Тинторетто: Минерва, удерживающая Марса. Венеция, Палаццо Дюкале
Рубенс: Венера и Адонис. Санкт-Петербург, Эрмитаж
Как быть со «скорбной женщиной» — несчастной Европой? Каков ее онтологический статус? Мы зовем ее персонификацией, но в античности она вполне могла сойти за божество. Тихе, или, скажем, олицетворения городов, провинций и царств, например, Рима, безусловно не воспринимались как простые абстракции. Им возводили храмы и приносили жертвы. Если верить в Марса и Алекто, то надо верить и в Европу. Именно эта традиция представлять богов в человеческом (даже слишком человеческом) обличье и осеняет далеко не «бестелесные» персонификации.
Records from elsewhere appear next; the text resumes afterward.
(* Let $FD_{j,2}(\alpha,\lambda,n)$ be the number of partitions with perimeter $n$, largest part $\alpha$, exactly $\lambda$ parts, and exactly $j$ distinct part sizes appearing at least twice. Then, as formal power series, $$\sum_{\alpha,\lambda,n\geq 1}\sum_{j\geq 0} FD_{j,2}(\alpha,\lambda,n)\,x^\alpha y^\lambda z^j q^n=\frac{xyq\,(1-(1-z)yq)}{1-(x+y)q+(1-z)xy^2q^3}.$$
   Context: A partition is a finite nonincreasing sequence of positive integers (its parts); its size is not fixed. For a partition $\pi$ with largest part $\alpha(\pi)$ and number of parts $\lambda(\pi)$, its perimeter is $\alpha(\pi)+\lambda(\pi)-1$. (Note $FD_{j,2}(\alpha,\lambda,n)=0$ unless $n=\alpha+\lambda-1$.) *)

theory Defs
  imports "HOL-Computational_Algebra.Formal_Power_Series"
begin

definition is_partition :: "nat list \<Rightarrow> bool" where
  "is_partition p \<longleftrightarrow> sorted_wrt (\<ge>) p \<and> (\<forall>k\<in>set p. 0 < k)"

definition largest_part :: "nat list \<Rightarrow> nat" where
  "largest_part p = Max (insert 0 (set p))"

definition num_parts :: "nat list \<Rightarrow> nat" where
  "num_parts p = length p"

definition perimeter :: "nat list \<Rightarrow> nat" where
  "perimeter p = largest_part p + num_parts p - 1"

definition repeated_sizes :: "nat list \<Rightarrow> nat" where
  "repeated_sizes p = card {k \<in> set p. 2 \<le> count_list p k}"

definition FD2 :: "nat \<Rightarrow> nat \<Rightarrow> nat \<Rightarrow> nat \<Rightarrow> nat" where
  "FD2 j a l n = card {p. is_partition p \<and> perimeter p = n \<and> largest_part p = a
                          \<and> num_parts p = l \<and> repeated_sizes p = j}"

text \<open>Four-variable power series: outermost variable q, then x, y, z.\<close>
type_synonym fps4 = "int fps fps fps fps"

definition varQ :: fps4 where "varQ = fps_X"
definition varX :: fps4 where "varX = fps_const fps_X"
definition varY :: fps4 where "varY = fps_const (fps_const fps_X)"
definition varZ :: fps4 where "varZ = fps_const (fps_const (fps_const fps_X))"

definition FD2_gf :: fps4 where
  "FD2_gf = Abs_fps (\<lambda>n. Abs_fps (\<lambda>a. Abs_fps (\<lambda>l. Abs_fps (\<lambda>j.
     if 1 \<le> a \<and> 1 \<le> l \<and> 1 \<le> n then int (FD2 j a l n) else 0))))"

end

theory Submission
  imports Defs
begin

(*
  The perimeter of a partition is determined by its largest part a and its number of parts l,
  so the coefficient of q^n x^a y^l z^j in the generating function is the number c(a, l, j) of
  partitions with largest part a, l parts and j repeated sizes if n + 1 = a + l, and 0
  otherwise; multiplying by a monomial q^(p+r) x^p y^r z^s therefore just shifts c. After
  multiplying out, the identity is the recurrence
    c(a, l, j) = c(a-1, l, j) + c(a, l-1, j) - c(a-1, l-2, j) + c(a-1, l-2, j-1)   (a >= 2).
  Partitions without a part 1 correspond, by lowering every part by 1, to those with largest
  part a - 1. Removing one part 1 maps the partitions containing 1 bijectively to all
  partitions with l - 1 parts; it lowers the number of repeated sizes exactly when 1 occurs
  twice, i.e. when the shorter partition is s @ [1] with s free of ones, and those s are
  counted by c(a-1, l-2, -).
*)

unbundle fps_syntax

lemma count_list_replicate: "count_list (replicate l k) x = (if k = x then l else 0)"
  by (induction l) auto

lemma inj_snoc: "inj (\<lambda>r. r @ [k])"
  by (rule injI) simp

lemma card_filter_split:
  assumes "finite A"
  shows "card {x \<in> A. P x} = card {x \<in> A. P x \<and> Q x} + card {x \<in> A. P x \<and> \<not> Q x}"
proof -
  have "{x \<in> A. P x} = {x \<in> A. P x \<and> Q x} \<union> {x \<in> A. P x \<and> \<not> Q x}"
    by auto
  then show ?thesis
    using assms by (simp add: card_Un_disjoint[symmetric] disjoint_iff)
qed

definition partitions :: "nat \<Rightarrow> nat \<Rightarrow> nat list set" where
  "partitions a l = {p. is_partition p \<and> largest_part p = a \<and> length p = l}"

definition num_partitions :: "nat \<Rightarrow> nat \<Rightarrow> nat \<Rightarrow> nat" where
  "num_partitions a l j = card {p \<in> partitions a l. repeated_sizes p = j}"

lemma member_le_largest_part: "x \<in> set p \<Longrightarrow> x \<le> largest_part p"
  unfolding largest_part_def by simp

lemma largest_part_eq_Max: "p \<noteq> [] \<Longrightarrow> largest_part p = Max (set p)"
  unfolding largest_part_def by (simp add: Max_insert)

lemma largest_part_map_Suc: "p \<noteq> [] \<Longrightarrow> largest_part (map Suc p) = Suc (largest_part p)"
  by (simp add: largest_part_eq_Max mono_Max_commute[symmetric] mono_Suc)

lemma largest_part_snoc: "largest_part (p @ [k]) = max k (largest_part p)"
  unfolding largest_part_def by (cases "p = []") auto

lemma finite_partitions: "finite (partitions a l)"
proof (rule finite_subset)
  show "partitions a l \<subseteq> {xs. set xs \<subseteq> {0..a} \<and> length xs = l}"
    unfolding partitions_def using member_le_largest_part by fastforce
  show "finite {xs. set xs \<subseteq> {0..a} \<and> length xs = l}"
    by (rule finite_lists_length_eq) simp
qed

lemma partitions_0_parts: "0 < a \<Longrightarrow> partitions a 0 = {}"
  by (auto simp: partitions_def largest_part_def)

lemma partitions_largest_1:
  assumes "0 < l" shows "partitions 1 l = {replicate l 1}"
proof (intro equalityI subsetI)
  fix p assume "p \<in> partitions 1 l"
  then have "is_partition p" "largest_part p = 1" "length p = l"
    by (auto simp: partitions_def)
  have "x = 1" if "x \<in> set p" for x
    using that member_le_largest_part[OF that] \<open>is_partition p\<close> \<open>largest_part p = 1\<close>
    unfolding is_partition_def by fastforce
  then have "\<forall>x\<in>set p. x = 1" by blast
  with \<open>length p = l\<close> show "p \<in> {replicate l 1}"
    by (simp add: replicate_eqI)
next
  fix p assume "p \<in> {replicate l (1::nat)}"
  then show "p \<in> partitions 1 l"
    using assms by (auto simp: partitions_def is_partition_def largest_part_def sorted_wrt_iff_nth_less)
qed

lemma repeated_sizes_replicate:
  "repeated_sizes (replicate l k) = (if 2 \<le> l then 1 else 0)"
proof -
  have "{x \<in> set (replicate l k). 2 \<le> count_list (replicate l k) x} = (if 2 \<le> l then {k} else {})"
    by (cases "l = 0") (auto simp: count_list_replicate)
  then show ?thesis
    unfolding repeated_sizes_def by simp
qed

lemma repeated_sizes_map_inj:
  assumes "inj f" shows "repeated_sizes (map f p) = repeated_sizes p"
proof -
  have "{x \<in> set (map f p). 2 \<le> count_list (map f p) x} = f ` {x \<in> set p. 2 \<le> count_list p x}"
    by (auto simp: count_list_map_conv[OF assms])
  then show ?thesis
    unfolding repeated_sizes_def by (simp add: card_image inj_on_subset[OF assms])
qed

lemma repeated_sizes_snoc:
  "repeated_sizes (p @ [k]) = repeated_sizes p + (if count_list p k = 1 then 1 else 0)"
proof -
  let ?R = "{x \<in> set p. 2 \<le> count_list p x}"
  have in_set: "x \<in> set p" if "0 < count_list p x" for x
    using that count_list_0_iff[of p x] by linarith
  have count: "count_list (p @ [k]) x = count_list p x + (if k = x then 1 else 0)" for x
    by simp
  show ?thesis
  proof (cases "count_list p k = 1")
    case True
    then have "{x \<in> set (p @ [k]). 2 \<le> count_list (p @ [k]) x} = insert k ?R"
      unfolding count using in_set by auto
    moreover have "k \<notin> ?R"
      using True by simp
    ultimately show ?thesis
      using True unfolding repeated_sizes_def by simp
  next
    case False
    then have "{x \<in> set (p @ [k]). 2 \<le> count_list (p @ [k]) x} = ?R"
      unfolding count using in_set by (auto split: if_splits)
    then show ?thesis
      using False unfolding repeated_sizes_def by simp
  qed
qed

lemma partitions_Suc_without_one:
  assumes "0 < a"
  shows "{p \<in> partitions (Suc a) l. 1 \<notin> set p} = map Suc ` partitions a l"
proof (intro equalityI subsetI)
  fix p assume "p \<in> {p \<in> partitions (Suc a) l. 1 \<notin> set p}"
  then have p: "is_partition p" "largest_part p = Suc a" "length p = l" "1 \<notin> set p"
    by (auto simp: partitions_def)
  have gt1: "1 < k" if "k \<in> set p" for k
  proof -
    have "0 < k" "k \<noteq> 1"
      using that p(1,4) unfolding is_partition_def by auto
    then show ?thesis by linarith
  qed
  define q where "q = map (\<lambda>k. k - 1) p"
  have pq: "p = map Suc q"
    unfolding q_def map_map by (rule map_idI[symmetric]) (use gt1 in force)
  have "q \<noteq> []"
    using p(2) by (auto simp: q_def largest_part_def)
  have "is_partition q"
    using p(1) gt1 unfolding pq is_partition_def by (auto simp: sorted_wrt_map)
  moreover have "largest_part q = a"
    using p(2) largest_part_map_Suc[OF \<open>q \<noteq> []\<close>] pq by simp
  moreover have "length q = l"
    using p(3) by (simp add: q_def)
  ultimately show "p \<in> map Suc ` partitions a l"
    unfolding pq partitions_def by blast
next
  fix p assume "p \<in> map Suc ` partitions a l"
  then obtain q where pq: "p = map Suc q" and q: "is_partition q" "largest_part q = a" "length q = l"
    by (auto simp: partitions_def)
  have "q \<noteq> []"
    using q(2) assms by (auto simp: largest_part_def)
  then show "p \<in> {p \<in> partitions (Suc a) l. 1 \<notin> set p}"
    using q largest_part_map_Suc[of q] unfolding pq partitions_def is_partition_def
    by (auto simp: sorted_wrt_map)
qed

lemma last_partition_with_one:
  assumes "is_partition p" "1 \<in> set p"
  shows "p = butlast p @ [1]"
proof -
  have "p \<noteq> []"
    using assms(2) by auto
  then have p: "p = butlast p @ [last p]"
    by simp
  have "last p \<le> x" if "x \<in> set (butlast p)" for x
    using assms(1) that sorted_wrt_append[of "(\<ge>)" "butlast p" "[last p]"]
    unfolding is_partition_def by (simp flip: p)
  moreover have "0 < last p"
    using assms(1) \<open>p \<noteq> []\<close> unfolding is_partition_def by simp
  moreover have "1 \<in> set (butlast p) \<or> last p = 1"
    using assms(2) by (subst (asm) p) auto
  ultimately have "last p = 1"
    by fastforce
  with p show ?thesis
    by simp
qed

lemma partitions_Suc_with_one:
  assumes "1 < a"
  shows "{p \<in> partitions a (Suc l). 1 \<in> set p} = (\<lambda>r. r @ [1]) ` partitions a l"
proof (intro equalityI subsetI)
  fix p assume "p \<in> {p \<in> partitions a (Suc l). 1 \<in> set p}"
  then have p: "is_partition p" "largest_part p = a" "length p = Suc l" "1 \<in> set p"
    by (auto simp: partitions_def)
  define r where "r = butlast p"
  have pr: "p = r @ [1]"
    unfolding r_def using last_partition_with_one[OF p(1,4)] .
  have "is_partition r"
    using p(1) unfolding pr is_partition_def by (simp add: sorted_wrt_append)
  moreover have "largest_part r = a"
    using p(2) assms unfolding pr largest_part_snoc by (simp add: max_def split: if_splits)
  moreover have "length r = l"
    using p(3) by (simp add: pr)
  ultimately show "p \<in> (\<lambda>r. r @ [1]) ` partitions a l"
    unfolding pr partitions_def by blast
next
  fix p assume "p \<in> (\<lambda>r. r @ [1]) ` partitions a l"
  then obtain r where pr: "p = r @ [1]" and r: "is_partition r" "largest_part r = a" "length r = l"
    by (auto simp: partitions_def)
  then show "p \<in> {p \<in> partitions a (Suc l). 1 \<in> set p}"
    using assms unfolding pr partitions_def is_partition_def
    by (auto simp: sorted_wrt_append largest_part_snoc)
qed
Никто не ответит, что такое Голод и Чума — боги, которых надо задабривать жертвами, демоны, которых следует бояться и изгонять, или простые абстракции. Однако Рубенс изображает их «неразлучными спутниками войны», и здесь он строго следует древнему обычаю. Гомер рассказывает нам, что бегство дрожащее — спутник Ужаса (Илиада, IX, 2), а Ужас — сын Арея (Илиада, XIII, 299).[414] Если в нашем представлении божество существует независимо, а персонификация — всего лишь как символическая фигура, то Рубенс, в соответствии с традицией, пренебрегает этим различием. Он не только превращает божества в живые персонификации, а персонификации — в демонов, свободно взаимодействующих с реальными людьми: зодчими и плачущими матерьяи, он еще и смешивает реальные объекты — книги и рисунки — с эмблемами, изначально воспринимавшимися как «атрибуты» или олицетворения. Мы помним «развязанный пучок копий или стрел с соединявшей их веревкой. Связанные вместе, они служат эмблемой согласия, равно как кадуцей и оливковая ветвь — символ мира».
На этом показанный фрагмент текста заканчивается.